BIP360 specifies a new witness version and address format: P2TSH (effectively taproot without the Elliptic Curve Crypto). It is agnostic to the cryptography or opcodes used in script. The changes which actually define the PQ crypto suites to add into Bitcoin consensus will be part of a new BIP that is still being drafted at the moment.


This is the same code used by PQClean, so any benchmark on libbitcoinpqc should be roughly equivalent to the PQClean performance shown in my article.*

different implementations have chosen different functions.

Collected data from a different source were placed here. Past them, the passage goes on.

(* Let $\mathbf{A}$ be a real $n\times n$ matrix that is TJS (respectively, STJS). Let $P$ be a permutation of $[n]$ and $\mathbf{P}$ the corresponding permutation matrix. Then $\mathbf{P}\mathbf{A}\mathbf{P}^{-1}$ (obtained from $\mathbf{A}$ by renumbering both rows and columns according to $P$) is TJS (respectively, STJS). In particular, the matrix obtained from $\mathbf{A}$ by reversing the order of both its rows and its columns is TJS (respectively, STJS).
   Context: For $J\subseteq[m]$, $J^c=[m]\setminus J$, an $m\times m$ matrix $(a_{ik})$ is $J$-sign-symmetric if $a_{ik}\ge0$ on $(J\times J)\cup(J^c\times J^c)$ and $a_{ik}\le0$ on $(J\times J^c)\cup(J^c\times J)$; strictly $J$-sign-symmetric if strictly. $\mathbf{A}^{(j)}$ is the $j$th compound matrix (all $j\times j$ minors, index sets in lexicographic order). $\mathbf{A}$ is TJS (resp. STJS) if $\mathbf{A}$ is (strictly) $J$-sign-symmetric for some $J\subseteq[n]$ and every $\mathbf{A}^{(j)}$, $j=2,\ldots,n$, is (strictly) $J_j$-sign-symmetric for some subset $J_j$ of its index set. *)

theory Defs
  imports "Jordan_Normal_Form.Determinant" "HOL-Combinatorics.Permutations"
begin

text \<open>Matrices are Jordan_Normal_Form matrices; indices are 0-based, so [n] is {..<n}.\<close>

definition sign_symm :: "'i set \<Rightarrow> 'i set \<Rightarrow> ('i \<Rightarrow> 'i \<Rightarrow> real) \<Rightarrow> bool" where
  "sign_symm I J M \<longleftrightarrow> J \<subseteq> I \<and>
     (\<forall>i\<in>I. \<forall>k\<in>I. ((i \<in> J) = (k \<in> J) \<longrightarrow> M i k \<ge> 0) \<and>
                    ((i \<in> J) \<noteq> (k \<in> J) \<longrightarrow> M i k \<le> 0))"

definition strict_sign_symm :: "'i set \<Rightarrow> 'i set \<Rightarrow> ('i \<Rightarrow> 'i \<Rightarrow> real) \<Rightarrow> bool" where
  "strict_sign_symm I J M \<longleftrightarrow> J \<subseteq> I \<and>
     (\<forall>i\<in>I. \<forall>k\<in>I. ((i \<in> J) = (k \<in> J) \<longrightarrow> M i k > 0) \<and>
                    ((i \<in> J) \<noteq> (k \<in> J) \<longrightarrow> M i k < 0))"

definition minor :: "real mat \<Rightarrow> nat set \<Rightarrow> nat set \<Rightarrow> real" where
  "minor A \<alpha> \<beta> = det (mat (card \<alpha>) (card \<beta>)
      (\<lambda>(i,k). A $$ (sorted_list_of_set \<alpha> ! i, sorted_list_of_set \<beta> ! k)))"
(* Let $Q\subset\mathbb{R}^d$ be compact, $T>0$, and let $H:([0,T]\times Q)^2\to\mathbb{R}$ satisfy, for constants $\beta\ge1$, $\alpha,\gamma,c,C>0$, $$|H(t,x;s,y)|\le C(t-s)^{-\alpha}\exp\Big(-c\frac{|x-y|^\beta}{(t-s)^\gamma}\Big)\quad(0\le s<t\le T,\ x,y\in Q).$$ For $v\in L^\lambda([0,T],L^\rho(Q))$ and $0\le t_0\le t\le T$, $x\in Q$, set $J(v)(t_0,t,x)=\int_{t_0}^t\int_Q H(t,x;s,y)v(s,y)\,dy\,ds$. Fix $\rho\in[1,+\infty]$, $q\in[\rho,+\infty]$ and define $r$ by $\frac1r=\frac1q-\frac1\rho+1$. Then there is $C>0$ such that for $0\le t_0\le t\le T$, $$\|J(v)(t_0,t,\cdot)\|_{L^q(Q)}\le C\int_{t_0}^t(t-s)^{-\alpha+\frac{\gamma d}{\beta r}}\|v(s,\cdot)\|_{L^\rho(Q)}\,ds.$$ Consequently, given $\lambda\in[1,+\infty]$, if $\alpha+\frac1\lambda<\frac{\gamma d}{\beta r}+1$, then $v\mapsto J(v)(0,\cdot,\cdot)$ is a bounded operator from $L^\lambda([0,T],L^\rho(Q))$ into $L^\infty([0,T],L^q(Q))$. *)

theory Defs
  imports "HOL-Analysis.Analysis"
begin

definition enn_powr :: "ennreal \<Rightarrow> real \<Rightarrow> ennreal" where
  "enn_powr x a = (if x = \<infinity> then \<infinity> else ennreal (enn2real x powr a))"

definition Lp_norm :: "'a measure \<Rightarrow> ennreal \<Rightarrow> ('a \<Rightarrow> ennreal) \<Rightarrow> ennreal" where
  "Lp_norm M p f =
     (if p = \<infinity> then Inf {C. AE x in M. f x \<le> C}
      else enn_powr (\<integral>\<^sup>+ x. enn_powr (f x) (enn2real p) \<partial>M) (1 / enn2real p))"

definition recip :: "ennreal \<Rightarrow> real" where
  "recip p = enn2real (inverse p)"

definition Jop :: "('a::euclidean_space) set \<Rightarrow> (real \<Rightarrow> 'a \<Rightarrow> real \<Rightarrow> 'a \<Rightarrow> real)
                    \<Rightarrow> (real \<Rightarrow> 'a \<Rightarrow> real) \<Rightarrow> real \<Rightarrow> real \<Rightarrow> 'a \<Rightarrow> real" where
  "Jop Q H v t0 t x =
     (LINT s:{t0..t}|lborel. (LINT y:Q|lborel. H t x s y * v s y))"

end

theory Submission
  imports Defs "HOL-Probability.Distributions"
begin

text \<open>The estimate is a Young inequality for convolution in space with a kernel depending on time.
  The bound on \<open>H\<close> gives \<open>|J(v)(t0,t,x)| \<le> \<integral>\<^sub>t\<^sub>0\<^sup>t \<integral>\<^sub>Q \<kappa>(t-s, x-y) |v(s,y)| dy ds\<close> with
  \<open>\<kappa>(\<tau>, z) = C \<tau>^(-\<alpha>) exp (-c |z|^\<beta> / \<tau>^\<gamma>)\<close>, and the substitution \<open>z = \<tau>^(\<gamma>/\<beta>) w\<close> shows
  \<open>\<parallel>\<kappa>(\<tau>, \<cdot>)\<parallel>\<^sub>r \<le> K \<tau>^(-\<alpha> + \<gamma>d/(\<beta>r))\<close>. Normalizing \<open>\<kappa>(t-s, \<cdot>)\<close> and \<open>v(s, \<cdot>)\<close> by their norms, a
  three-factor Hoelder inequality in \<open>(s, y)\<close> followed by Tonelli in \<open>x\<close> bounds the \<open>L\<^sup>q\<close> norm by
  \<open>\<integral> \<parallel>\<kappa>(t-s, \<cdot>)\<parallel>\<^sub>r \<parallel>v(s)\<parallel>\<^sub>\<rho> ds\<close>; this avoids Minkowski's integral inequality. The endpoint cases
  \<open>\<rho> = \<infinity>\<close> and \<open>r = \<infinity>\<close> are pointwise bounds. The second claim is Hoelder's inequality in time:
  \<open>(t-s)^e\<close> lies in \<open>L^\<lambda>'(0,t)\<close>, \<open>1/\<lambda> + 1/\<lambda>' = 1\<close>, uniformly in \<open>t \<le> T\<close> exactly when \<open>e > 1/\<lambda> - 1\<close>.\<close>

section \<open>Real powers of extended nonnegative reals\<close>

lemma enn_powr_ennreal: "0 \<le> x \<Longrightarrow> enn_powr (ennreal x) a = ennreal (x powr a)"
  by (simp add: enn_powr_def)
definition index_le :: "('a, 'b) monoid_scheme \<Rightarrow> 'a set \<Rightarrow> 'a set \<Rightarrow> nat \<Rightarrow> bool" where
  "index_le G A K n \<longleftrightarrow>
     finite (rcosets\<^bsub>G\<lparr>carrier := A\<rparr>\<^esub> K) \<and> card (rcosets\<^bsub>G\<lparr>carrier := A\<rparr>\<^esub> K) \<le> n"

definition internal_semidirect :: "('a, 'b) monoid_scheme \<Rightarrow> 'a set \<Rightarrow> 'a set \<Rightarrow> bool" where
  "internal_semidirect G N K \<longleftrightarrow>
     N \<lhd> G \<and> subgroup K G \<and> N \<inter> K = {\<one>\<^bsub>G\<^esub>} \<and> N <#>\<^bsub>G\<^esub> K = carrier G"

end

theory Submission
  imports Defs
begin

text \<open>Write \<open>A = \<langle>a\<rangle>\<close>. Since \<open>a\<close> centralises \<open>A\<close> and \<open>G = \<langle>a, z\<rangle>\<close>, a subgroup
  \<open>N \<subseteq> A\<close> is normal as soon as \<open>z N z \<subseteq> N\<close>. This applies to \<open>A \<inter> A\<^sup>z\<close>, which is the core
  of \<open>A\<close> and hence the kernel of the action on the cosets of \<open>A\<close>; to \<open>A \<inter> \<langle>az\<rangle>\<close>, which
  \<open>z\<close> centralises because it commutes with both \<open>a\<close> and \<open>az\<close>; and to \<open>A \<inter> \<langle>zz\<^sup>a\<rangle>\<close>,
  which \<open>z\<close> inverts. If \<open>N\<close> has index at most 2 in \<open>L\<close>, any two elements of \<open>L - N\<close>
  lie in one coset of \<open>N\<close>; applied to \<open>az, (az)\<^sup>-\<^sup>1\<close> in \<open>\<langle>az\<rangle>\<close>, resp. to \<open>z, z\<^sup>a\<close> in
  \<open>\<langle>z, z\<^sup>a\<rangle>\<close>, either index hypothesis yields \<open>zaz \<in> A\<close>. Then \<open>A\<close> is normal with complement
  \<open>\<langle>z\<rangle> = {1, z}\<close>, so the coset graph has two vertices, \<open>|G|/2 = |a|\<close> edges, and every
  vertex lies on every edge.\<close>

lemma (in group) inv_cancel_left [simp]:
  "x \<in> carrier G \<Longrightarrow> y \<in> carrier G \<Longrightarrow> x \<otimes> (inv x \<otimes> y) = y"
  "x \<in> carrier G \<Longrightarrow> y \<in> carrier G \<Longrightarrow> inv x \<otimes> (x \<otimes> y) = y"
  by (simp_all add: m_assoc[symmetric])
lemma comm_group_subgroup:
  assumes "comm_group G" "subgroup H G" shows "comm_group (G\<lparr>carrier := H\<rparr>)"
proof -
  interpret G: comm_group G by fact
  show ?thesis
    by (rule group.group_comm_groupI[OF subgroup.subgroup_is_group[OF assms(2) G.is_group]])
      (auto simp: G.m_comm subgroup.mem_carrier[OF assms(2)])
qed

lemma nat_pow_DirProd: "(a, b) [^]\<^bsub>G \<times>\<times> H\<^esub> (n::nat) = (a [^]\<^bsub>G\<^esub> n, b [^]\<^bsub>H\<^esub> n)"
  by (induction n) auto

context comm_group
begin

lemma FactGroup_square_eq_one:
  assumes N: "subgroup N G" and sq: "\<And>t. t \<in> carrier G \<Longrightarrow> t \<otimes> t \<in> N" and Z: "Z \<in> carrier (G Mod N)"
  shows "Z \<otimes>\<^bsub>G Mod N\<^esub> Z = \<one>\<^bsub>G Mod N\<^esub>"
proof -
  interpret N: normal N G using subgroup_imp_normal[OF N] .
  obtain t where t: "t \<in> carrier G" "Z = N #> t" using Z unfolding FactGroup_def RCOSETS_def by auto
  then have "Z \<otimes>\<^bsub>G Mod N\<^esub> Z = N #> (t \<otimes> t)" by (simp add: N.rcos_sum)
  also have "\<dots> = N" using coset_join2[OF _ N sq[OF t(1)]] t(1) by simp
  finally show ?thesis by simp
qed

end

text \<open>A character of a subgroup \<open>A\<close> of \<open>G\<close> is a character of \<open>G\<lparr>carrier := A\<rparr>\<close>.\<close>

lemma character_restrict:
  "character G chi \<Longrightarrow> A \<subseteq> carrier G \<Longrightarrow> character (G\<lparr>carrier := A\<rparr>) chi"
  unfolding character_def by auto
lemma halving_phases_bound:
  fixes d :: "nat \<Rightarrow> real"
  assumes pos: "\<And>t. 1 \<le> t \<Longrightarrow> t \<le> T \<Longrightarrow> 0 < d t"
    and phase: "\<And>a t. 1 \<le> a \<Longrightarrow> a \<le> t \<Longrightarrow> t \<le> T \<Longrightarrow> \<forall>s\<in>{a..t}. d s \<le> 2 * d t \<Longrightarrow>
                  real (Suc t - a) * (d t)\<^sup>2 \<le> K"
  shows "1 \<le> t \<Longrightarrow> t \<le> T \<Longrightarrow> real t * (d t)\<^sup>2 \<le> 3 / 2 * K"
proof (induction t rule: less_induct)
  \<comment> \<open>Split at the last m \<le> t with d m > 2 d t: induction gives m (d t)^2 \<le> 3/8 K and the
    phase after m gives (t - m) (d t)^2 \<le> K.\<close>
  case (less t)
  have dt: "0 < d t" using pos less.prems .
  have "(d t)\<^sup>2 \<le> K"
    using phase[of t t] dt less.prems by simp
  then have K: "0 \<le> K"
    using zero_le_power2 order_trans by blast
  define A where "A = {s\<in>{1..t}. 2 * d t < d s}"
  show ?case
  proof (cases "A = {}")
    case True
    then have "real (Suc t - 1) * (d t)\<^sup>2 \<le> K"
      using less.prems by (intro phase) (auto simp: A_def not_less)
    with K show ?thesis by simp
  next
    case False
    define m where "m = Max A"
    have "finite A" unfolding A_def by simp
    then have "m \<in> A" and m_greatest: "\<And>s. s \<in> A \<Longrightarrow> s \<le> m"
      using False unfolding m_def by auto
    then have m: "1 \<le> m" "m \<le> t" "2 * d t < d m"
      unfolding A_def by auto
    with dt have "m < t" by (cases "m = t") auto
    have "4 * (d t)\<^sup>2 \<le> (d m)\<^sup>2"
      using m(3) dt power_mono[of "2 * d t" "d m" 2] by (simp add: power_mult_distrib)
    then have "real m * (4 * (d t)\<^sup>2) \<le> real m * (d m)\<^sup>2"
      by (rule mult_left_mono) simp
    moreover have "real m * (d m)\<^sup>2 \<le> 3 / 2 * K"
      using less.IH[OF \<open>m < t\<close>] m less.prems by simp
    ultimately have early: "real m * (d t)\<^sup>2 \<le> 3 / 8 * K"
      by simp
    have "\<forall>s\<in>{Suc m..t}. d s \<le> 2 * d t"
    proof
      fix s assume "s \<in> {Suc m..t}"
      with m_greatest[of s] m(1) show "d s \<le> 2 * d t"
        unfolding A_def by (force simp: not_less)
    qed
    then have late: "real (t - m) * (d t)\<^sup>2 \<le> K"
      using phase[of "Suc m" t] \<open>m < t\<close> less.prems by simp
    have "real t * (d t)\<^sup>2 = real m * (d t)\<^sup>2 + real (t - m) * (d t)\<^sup>2"
      using \<open>m < t\<close> by (simp add: of_nat_diff algebra_simps)
    with early late K show ?thesis by linarith
  qed
qed

locale bundle_level_run =
  fixes c y_star :: "'a::euclidean_space" and R \<rho> :: real
    and f :: "nat \<Rightarrow> 'a \<Rightarrow> real" and y :: "nat \<Rightarrow> 'a" and S :: nat
  assumes radius_pos: "0 < \<rho>"
    and target_ball_subset: "cball y_star \<rho> \<subseteq> cball c R"
    and unit_affine: "s \<in> {1..S} \<Longrightarrow> unit_affine (f s)"
    and separator_at_query: "s \<in> {1..S} \<Longrightarrow> 0 \<le> f s (y s)"
    and separator_on_target: "s \<in> {1..S} \<Longrightarrow> z \<in> cball y_star \<rho> \<Longrightarrow> f s z \<le> 0"
    and first_query: "y 1 = c"
    and next_query: "s \<in> {1..<S} \<Longrightarrow> y (Suc s) \<in> BL_level_set f s c R"
    and next_query_closest:
      "s \<in> {1..<S} \<Longrightarrow> z \<in> BL_level_set f s c R \<Longrightarrow> dist (y s) (y (Suc s)) \<le> dist (y s) z"
begin

abbreviation gap :: "nat \<Rightarrow> real" where
  "gap s \<equiv> BL_gap f s c R"

lemma target_radius_le: "dist y_star c + \<rho> \<le> R"
  using target_ball_subset radius_pos by (simp add: cball_subset_cball_iff)

lemma radius_le: "\<rho> \<le> R"
  using target_radius_le zero_le_dist[of y_star c] by linarith

lemma radius_nonneg: "0 \<le> R"
  using radius_le radius_pos by linarith

lemma convex_on_model: "s \<in> {1..S} \<Longrightarrow> convex_on UNIV (BL_model f s)"
  by (intro convex_on_BL_model unit_affine_convex_on unit_affine) auto

lemma continuous_on_model: "s \<in> {1..S} \<Longrightarrow> continuous_on A (BL_model f s)"
  using convex_on_continuous[OF open_UNIV convex_on_model] continuous_on_subset by blast

lemma gap_le_model: "s \<in> {1..S} \<Longrightarrow> z \<in> cball c R \<Longrightarrow> gap s \<le> BL_model f s z"
  by (rule BL_gap_le_BL_model[OF continuous_on_model])

lemma gap_mono: "s \<in> {1..S} \<Longrightarrow> s \<le> t \<Longrightarrow> gap s \<le> gap t"
  by (intro BL_gap_mono continuous_on_model radius_nonneg) auto

lemma separator_le_neg_radius: "s \<in> {1..S} \<Longrightarrow> f s y_star \<le> - \<rho>"
  using radius_pos by (intro unit_affine_le_neg_radius unit_affine separator_on_target) auto

lemma gap_le_neg_radius:
  assumes "s \<in> {1..S}"
  shows "gap s \<le> - \<rho>"
proof -
  have "y_star \<in> cball c R"
    using target_ball_subset radius_pos by (meson centre_in_cball less_imp_le subsetD)
  then have "gap s \<le> BL_model f s y_star"
    using gap_le_model[OF assms] by blast
  also have "\<dots> \<le> - \<rho>"
    using assms separator_le_neg_radius by (auto simp: BL_model_le_iff)
  finally show ?thesis .
qed

lemma query_in_cball:
  assumes "s \<in> {1..S}"
  shows "y s \<in> cball c R"
proof (cases "s = 1")
  case False
  then have "y (Suc (s - 1)) \<in> BL_level_set f (s - 1) c R"
    using assms by (intro next_query) auto
  with False assms show ?thesis
    by (simp add: BL_level_set_def)
qed (use first_query radius_nonneg in simp)

lemma query_step_length:
  assumes "s \<in> {1..<S}"
  shows "- gap s / 2 \<le> dist (y s) (y (Suc s))"
proof -
  have "f s (y (Suc s)) \<le> BL_model f s (y (Suc s))"
    using assms by (intro BL_model_ge) auto
  also have "\<dots> \<le> gap s / 2"
    using next_query[OF assms] unfolding BL_level_set_def by simp
  finally have "f s (y (Suc s)) \<le> gap s / 2" .
  moreover have "f s (y s) - f s (y (Suc s)) \<le> dist (y s) (y (Suc s))"
    using assms by (intro unit_affine_diff_le_dist unit_affine) auto
  moreover have "0 \<le> f s (y s)"
    using assms by (intro separator_at_query) auto
  ultimately show ?thesis by linarith
qed

lemma query_dist_decrease:
  assumes "s \<in> {1..<S}" and "z \<in> BL_level_set f s c R"
  shows "(dist (y (Suc s)) z)\<^sup>2 + (dist (y s) (y (Suc s)))\<^sup>2 \<le> (dist (y s) z)\<^sup>2"
proof (rule closest_point_pythagoras)
  have "s \<in> {1..S}" using assms(1) by auto
  then show "convex (BL_level_set f s c R)"
    by (intro convex_BL_level_set convex_on_subset[OF convex_on_model]) auto
  show "closed (BL_level_set f s c R)"
    using \<open>s \<in> {1..S}\<close> by (intro closed_BL_level_set continuous_on_model)
qed (use assms next_query next_query_closest in auto)

lemma phase_length_bound:
  assumes "1 \<le> a" "a \<le> t" "t < S" and within_factor_2: "\<forall>s\<in>{a..t}. - gap s \<le> 2 * - gap t"
  shows "real (Suc t - a) * (gap t)\<^sup>2 \<le> 16 * R\<^sup>2"
proof -
  have t: "t \<in> {1..S}" using assms by auto
  obtain u where u: "u \<in> cball c R" "BL_model f t u = gap t"
    using BL_gap_attained[OF continuous_on_model[OF t] radius_nonneg] .
  have decrease: "(dist (y (Suc s)) u)\<^sup>2 \<le> (dist (y s) u)\<^sup>2 - (gap t)\<^sup>2 / 4"
    if s: "a \<le> s" "s < Suc t" for s
  proof -
    have "BL_model f s u \<le> BL_model f t u"
      using s assms by (intro BL_model_mono) auto
    also have "\<dots> \<le> gap s / 2"
      using u(2) within_factor_2 s by force
    finally have "u \<in> BL_level_set f s c R"
      using u(1) unfolding BL_level_set_def by simp
    then have "(dist (y (Suc s)) u)\<^sup>2 + (dist (y s) (y (Suc s)))\<^sup>2 \<le> (dist (y s) u)\<^sup>2"
      using s assms by (intro query_dist_decrease) auto
    moreover have "- gap t / 2 \<le> dist (y s) (y (Suc s))"
      using gap_mono[of s t] query_step_length[of s] s assms by fastforce
    then have "(- gap t / 2)\<^sup>2 \<le> (dist (y s) (y (Suc s)))\<^sup>2"
      using gap_le_neg_radius[OF t] radius_pos by (intro power_mono) auto
    ultimately show ?thesis
      by (simp add: power2_eq_square)
  qed
  have "(dist (y (Suc t)) u)\<^sup>2 \<le> (dist (y a) u)\<^sup>2 - real (Suc t - a) * ((gap t)\<^sup>2 / 4)"
    using assms decrease by (intro linear_decrease_bound) auto
  moreover have "dist (y a) u \<le> 2 * R"
    using query_in_cball[of a] u(1) assms dist_triangle[of "y a" u c]
    by (auto simp: dist_commute)
  then have "(dist (y a) u)\<^sup>2 \<le> 4 * R\<^sup>2"
    using power_mono[of "dist (y a) u" "2 * R" 2] by (simp add: power_mult_distrib)
  ultimately have "real (Suc t - a) * ((gap t)\<^sup>2 / 4) \<le> 4 * R\<^sup>2"
    using zero_le_power2[of "dist (y (Suc t)) u"] by linarith
  then show ?thesis
    by simp
qed

lemma weighted_gap_bound:
  assumes "1 \<le> t" "t < S"
  shows "real t * (gap t)\<^sup>2 \<le> 24 * R\<^sup>2"
proof -
  have "real t * (- gap t)\<^sup>2 \<le> 3 / 2 * (16 * R\<^sup>2)"
  proof (rule halving_phases_bound[of "S - 1"])
    show "0 < - gap t" if "1 \<le> t" "t \<le> S - 1" for t
    proof -
      have "gap t \<le> - \<rho>"
        using that by (intro gap_le_neg_radius) auto
      with radius_pos show ?thesis by linarith
    qed
    show "real (Suc t - a) * (- gap t)\<^sup>2 \<le> 16 * R\<^sup>2"
      if "1 \<le> a" "a \<le> t" "t \<le> S - 1" "\<forall>s\<in>{a..t}. - gap s \<le> 2 * - gap t" for a t
      using phase_length_bound[of a t] that by simp
  qed (use assms in auto)
  then show ?thesis by simp
qed

lemma iteration_bound: "real S * \<rho>\<^sup>2 \<le> 32 * R\<^sup>2"
proof -
  have "\<rho>\<^sup>2 \<le> R\<^sup>2"
    using radius_le radius_pos by (intro power_mono) auto
  moreover have "real (S - 1) * \<rho>\<^sup>2 \<le> 24 * R\<^sup>2"
  proof (cases "2 \<le> S")
    case True
    have "gap (S - 1) \<le> - \<rho>"
      using True by (intro gap_le_neg_radius) auto
    then have "\<rho>\<^sup>2 \<le> (- gap (S - 1))\<^sup>2"
      using radius_pos by (intro power_mono) auto
    then have "real (S - 1) * \<rho>\<^sup>2 \<le> real (S - 1) * (gap (S - 1))\<^sup>2"
      by (simp add: mult_left_mono)
    also have "\<dots> \<le> 24 * R\<^sup>2"
      using True by (intro weighted_gap_bound) auto
    finally show ?thesis .
  qed simp
  moreover have "real S * \<rho>\<^sup>2 \<le> real (S - 1) * \<rho>\<^sup>2 + \<rho>\<^sup>2"
    by (cases S) (simp_all add: algebra_simps)
  ultimately show ?thesis
    using zero_le_power2[of R] by linarith
qed

end

theorem proposition1:
  fixes c y_star :: "'a::euclidean_space" and R \<rho> :: real and Y :: "'a set"
    and f :: "nat \<Rightarrow> 'a \<Rightarrow> real" and y :: "nat \<Rightarrow> 'a" and S :: nat
  assumes "R > 0" and "\<rho> > 0"
    and "convex Y" and "Y \<subseteq> cball c R" and "cball y_star \<rho> \<subseteq> Y"
    and affine: "\<forall>s\<in>{1..S}. \<exists>g b. norm g = 1 \<and> (\<forall>z. f s z = inner g z + b)"
    and sep: "\<forall>s\<in>{1..S}. f s (y s) \<ge> 0 \<and> (\<forall>z\<in>Y. f s z \<le> 0)"
    and first: "y 1 = c"
    and step: "\<forall>s\<in>{2..S}. y s \<in> BL_level_set f (s - 1) c R \<and>
                 (\<forall>z\<in>BL_level_set f (s - 1) c R. dist (y (s - 1)) (y s) \<le> dist (y (s - 1)) z)"
  shows "(\<forall>s\<in>{1..S}. BL_gap f s c R \<le> - \<rho>) \<and> real S \<le> 32 * R\<^sup>2 / \<rho>\<^sup>2"
proof -
  interpret bundle_level_run c y_star R \<rho> f y S
  proof
    show "cball y_star \<rho> \<subseteq> cball c R"
      using assms(4,5) by blast
    show "unit_affine (f s)" if "s \<in> {1..S}" for s
      using affine that unfolding unit_affine_def by blast
    show "0 \<le> f s (y s)" if "s \<in> {1..S}" for s
      using sep that by blast
    show "f s z \<le> 0" if "s \<in> {1..S}" "z \<in> cball y_star \<rho>" for s z
      using sep assms(5) that by blast
    show "y (Suc s) \<in> BL_level_set f s c R" if "s \<in> {1..<S}" for s
      using step[rule_format, of "Suc s"] that by simp
    show "dist (y s) (y (Suc s)) \<le> dist (y s) z"
      if "s \<in> {1..<S}" "z \<in> BL_level_set f s c R" for s z
      using step[rule_format, of "Suc s"] that by simp
  qed (fact \<open>\<rho> > 0\<close> first)+
  show ?thesis
    using gap_le_neg_radius iteration_bound \<open>\<rho> > 0\<close> by (simp add: pos_le_divide_eq)
qed

end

While initially there was some debate about the choice of hash function to use for SLH-DSA, we ultimately decided to propose only SHA2, for a number of reasons: Better legacy hardware support, better software performance, easier implementation, and less controversy. Any security benefit of using SHA3 would be nullified by the fact the rest of Bitcoin already depends on collision resistance of SHA2 for security.

regards,
conduition


* Since publishing my article, closer inspection has shown me that the PQClean team actually made some significant changes to the reference code, such as adding malloc/free calls on performance-critical code paths. Benchmarks on my PC show the SPHINCS+ team's reference code is noticably faster than PQClean, especially their 'clean' (non-AVX) code which signs in only 250ms on my CPU, compared to PQClean at 438ms. So PQClean is not the fastest open-source SLH-DSA implementation I know of anymore. SLHVK still blows both of them out of the water, but nonetheless I plan to update the article once I find some time in the new year.